The year is any numeric year 1900 or later. [section 3.3]

[section 4.3] The syntax for the obsolete date format allows a 2 digit year.
[..]
Where a two or three digit year occurs in a date, the year is to be
interpreted as follows: If a two digit year is encountered whose
value is between 00 and 49, the year is interpreted by adding 2000,
ending up with a value between 2000 and 2049. If a two digit year is
encountered with a value between 50 and 99, or any three digit year
is encountered, the year is interpreted by adding 1900.

>>> parsedate_to_datetime("Sat, 15 Aug 0001 23:12:09 +0500")
datetime.datetime(2001, 8, 15, 23, 12, 9, ...)

expected: either year 1, or a parsing failure. Neither the new or old format interpret 4-digit years this way.

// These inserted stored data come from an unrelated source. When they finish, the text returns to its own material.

lemma walk_eq_sym_walk_power:
  "v \<in> V \<Longrightarrow> walk V E t p v = sd v * (sym_walk ^^ t) (\<lambda>w. if w \<in> V then p w / sd w else 0) v"
proof (induction t arbitrary: v)
  case 0 thus ?case using sd_pos[of v] by simp
next
  case (Suc t)
  define z where "z = (sym_walk ^^ t) (\<lambda>w. if w \<in> V then p w / sd w else 0)"
  have v: "v \<in> V" by fact
  have "(\<Sum>w\<in>{w \<in> V. E v w}. walk V E t p w / d w) = (\<Sum>w\<in>{w \<in> V. E v w}. z w / sd w)"
  proof (rule sum.cong[OF refl])
    fix w assume "w \<in> {w \<in> V. E v w}"
    hence w: "w \<in> V" by auto
    show "walk V E t p w / d w = z w / sd w"
      using Suc.IH[OF w] sd_pos[OF w] unfolding sd_sq[OF w, symmetric] z_def by simp
  qed
  also have "\<dots> = sd v * (\<Sum>w\<in>V. if E v w then z w / (sd v * sd w) else 0)"
    using sd_pos[OF v] finite_V by (simp add: sum.inter_filter sum_distrib_left if_distrib cong: if_cong)
  finally have "walk V E (Suc t) p v = (sd v * z v + sd v * (\<Sum>w\<in>V. if E v w then z w / (sd v * sd w) else 0)) / 2"
    using Suc.IH[OF v] by (simp add: Let_def z_def)
  also have "\<dots> = sd v * sym_walk z v" unfolding sym_walk_apply[OF v] by (simp add: algebra_simps)
  finally show ?case by (simp add: z_def)
qed

lemma Dnorm_sq_walk_indicator:
  assumes u: "u \<in> V"
  shows "Dnorm_sq V E (walk V E t (indicator_vec u)) = norm_sq ((sym_walk ^^ t) (indicator_vec u)) / d u"
proof -
  define Z where "Z = (sym_walk ^^ t) (indicator_vec u)"
  have start: "(\<lambda>w. if w \<in> V then indicator_vec u w / sd w else 0) = (\<lambda>w. (1 / sd u) * indicator_vec u w)"
    using u by (auto simp: indicator_vec_def)
  have walk: "walk V E t (indicator_vec u) v = sd v * Z v / sd u" if "v \<in> V" for v
    using walk_eq_sym_walk_power[OF that, of t "indicator_vec u"]
    unfolding start sym_walk_power_scale Z_def by simp
  have "Dnorm_sq V E (walk V E t (indicator_vec u)) = (\<Sum>v\<in>V. (Z v)\<^sup>2 / d u)"
    unfolding Dnorm_sq_def
  proof (rule sum.cong[OF refl])
    fix v assume v: "v \<in> V"
    show "(walk V E t (indicator_vec u) v)\<^sup>2 / d v = (Z v)\<^sup>2 / d u"
      using sd_pos[OF v] sd_pos[OF u] unfolding walk[OF v] sd_sq[OF v, symmetric] sd_sq[OF u, symmetric]
      by (simp add: power2_eq_square field_simps)
  qed
  also have "\<dots> = norm_sq Z / d u" unfolding norm_sq_def inner_V_def by (simp add: sum_divide_distrib power2_eq_square)
  finally show ?thesis unfolding Z_def .
qed

lemma markov_inequality_vol:
  assumes f: "\<And>u. u \<in> V \<Longrightarrow> f u \<ge> 0" and "B > 0"
  shows "vol V E {u\<in>V. f u > B * d u} \<le> (\<Sum>u\<in>V. f u) / B"
proof -
  have "vol V E {u\<in>V. f u > B * d u} \<le> (\<Sum>u\<in>{u\<in>V. f u > B * d u}. f u / B)"
    unfolding vol_def using \<open>B > 0\<close> by (intro sum_mono) (simp add: pos_le_divide_eq mult.commute)
  also have "\<dots> \<le> (\<Sum>u\<in>V. f u / B)" using f \<open>B > 0\<close> by (intro sum_mono2 finite_V) auto
  finally show ?thesis by (simp add: sum_divide_distrib)
qed

lemma clusterable_qform_bound:
  assumes "clusterable V E k \<phi>" "\<phi> > 0"
  shows "\<exists>W. finite W \<and> card W \<le> k \<and>
    (\<forall>x. (\<forall>w\<in>W. inner_V x w = 0) \<longrightarrow> qform x \<le> max 0 (1 - \<phi>\<^sup>2 / 4) * norm_sq x)"
proof -
  obtain P where P: "finite P" "card P \<le> k" "\<forall>C\<in>P. C \<noteq> {}"
    "\<forall>C\<in>P. \<forall>C'\<in>P. C \<noteq> C' \<longrightarrow> C \<inter> C' = {}" "\<Union>P = V" "\<forall>C\<in>P. cond V E C \<ge> \<phi>"
    using assms(1) unfolding clusterable_def by blast
  have "\<forall>C\<in>P. expands \<phi> C" using P(3,5,6) cond_imp_expands by blast
  hence "qform x \<le> max 0 (1 - \<phi>\<^sup>2 / 4) * norm_sq x" if "\<forall>C\<in>P. inner_V x (sqrt_deg_on C) = 0" for x
    using qform_le_orthogonal_to_clusters[OF P(1,4,5) _ _ that] assms(2) norm_sq_nonneg[of x]
    by (smt (verit) mult_right_mono)
  moreover have "card (sqrt_deg_on ` P) \<le> k" using card_image_le[OF P(1)] P(2) le_trans by blast
  ultimately show ?thesis using P(1) by (intro exI[of _ "sqrt_deg_on ` P"]) auto
qed

lemma eigen_family_sum_sq:
  assumes "eigen_family r m vs lam"
  shows "(\<Sum>u\<in>V. \<Sum>j<m. (vs j u)\<^sup>2) = real m"
proof -
  have "(\<Sum>u\<in>V. (vs j u)\<^sup>2) = 1" if "j < m" for j
    using assms that unfolding eigen_family_def orthonormal_def inner_V_def by (simp add: power2_eq_square)
  thus ?thesis by (subst sum.swap) simp
qed

lemma Dnorm_sq_walk_indicator_le:
  assumes fam: "eigen_family (max 0 (1 - \<phi>\<^sup>2 / 4)) m vs lam"
    and bounded: "rayleigh_bounded (max 0 (1 - \<phi>\<^sup>2 / 4)) m vs"
    and \<phi>: "\<phi> > 0" and t: "real t \<ge> 2 * ln (vol V E V) / \<phi>\<^sup>2" and u: "u \<in> V"
  shows "Dnorm_sq V E (walk V E t (indicator_vec u)) \<le> ((\<Sum>j<m. (vs j u)\<^sup>2) + 1 / vol V E V) / d u"
proof -
  have "vol V E V > 0" using u by (intro vol_pos) auto
  hence "norm_sq ((sym_walk ^^ t) (indicator_vec u)) \<le> (\<Sum>j<m. (vs j u)\<^sup>2) + 1 / vol V E V"
    using norm_sq_sym_walk_power_indicator[OF fam bounded _ u, of t] lazy_decay_le_inverse[OF \<phi> _ t]
    by fastforce
  thus ?thesis unfolding Dnorm_sq_walk_indicator[OF u] using d_pos[OF u] by (simp add: divide_right_mono)
qed

lemma vol_markov_good_set:
  assumes f: "\<And>u. u \<in> V \<Longrightarrow> f u \<ge> 0" and sum: "(\<Sum>u\<in>V. f u) \<le> 2 * real k"
    and "0 < \<alpha>" "k \<ge> 1" "V \<noteq> {}"
  shows "vol V E {u\<in>V. f u \<le> 2 * real k / (\<alpha> * vol V E V) * d u} \<ge> (1 - \<alpha>) * vol V E V"
proof -
  define B where "B = 2 * real k / (\<alpha> * vol V E V)"
  have vol_V: "vol V E V > 0" using assms(5) by (intro vol_pos) auto
  hence B: "B > 0" unfolding B_def using assms(3,4) by simp
  have "V - {u\<in>V. f u \<le> B * d u} = {u\<in>V. f u > B * d u}" by auto
  hence "vol V E (V - {u\<in>V. f u \<le> B * d u}) \<le> (\<Sum>u\<in>V. f u) / B"
    using markov_inequality_vol[OF f B] by simp
  also have "\<dots> \<le> 2 * real k / B" using sum B by (simp add: divide_right_mono)
  also have "\<dots> = \<alpha> * vol V E V" unfolding B_def using assms(3,4) vol_V by simp
  finally show ?thesis using vol_diff[of "{u\<in>V. f u \<le> B * d u}" V] unfolding B_def[symmetric]
    by (auto simp: algebra_simps)
qed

2. offset minutes larger than 59 don't lead to parsing failure

>>> parsedate_to_datetime('Sat, 15 Aug 0001 23:12:09 +0590')
datetime.datetime(2001, 8, 15, 23, 12, 9, tzinfo=datetime.timezone(datetime.timedelta(seconds=23400)))

expected: parse failure. Instead, the "90 minutes" component is parsed without issue (0590 being equal to 0630). The spec is actually not explicit about this, although "A date-time specification MUST be semantically valid". Note that a "90" value as minute in the time component does give the appropriate parsing failure.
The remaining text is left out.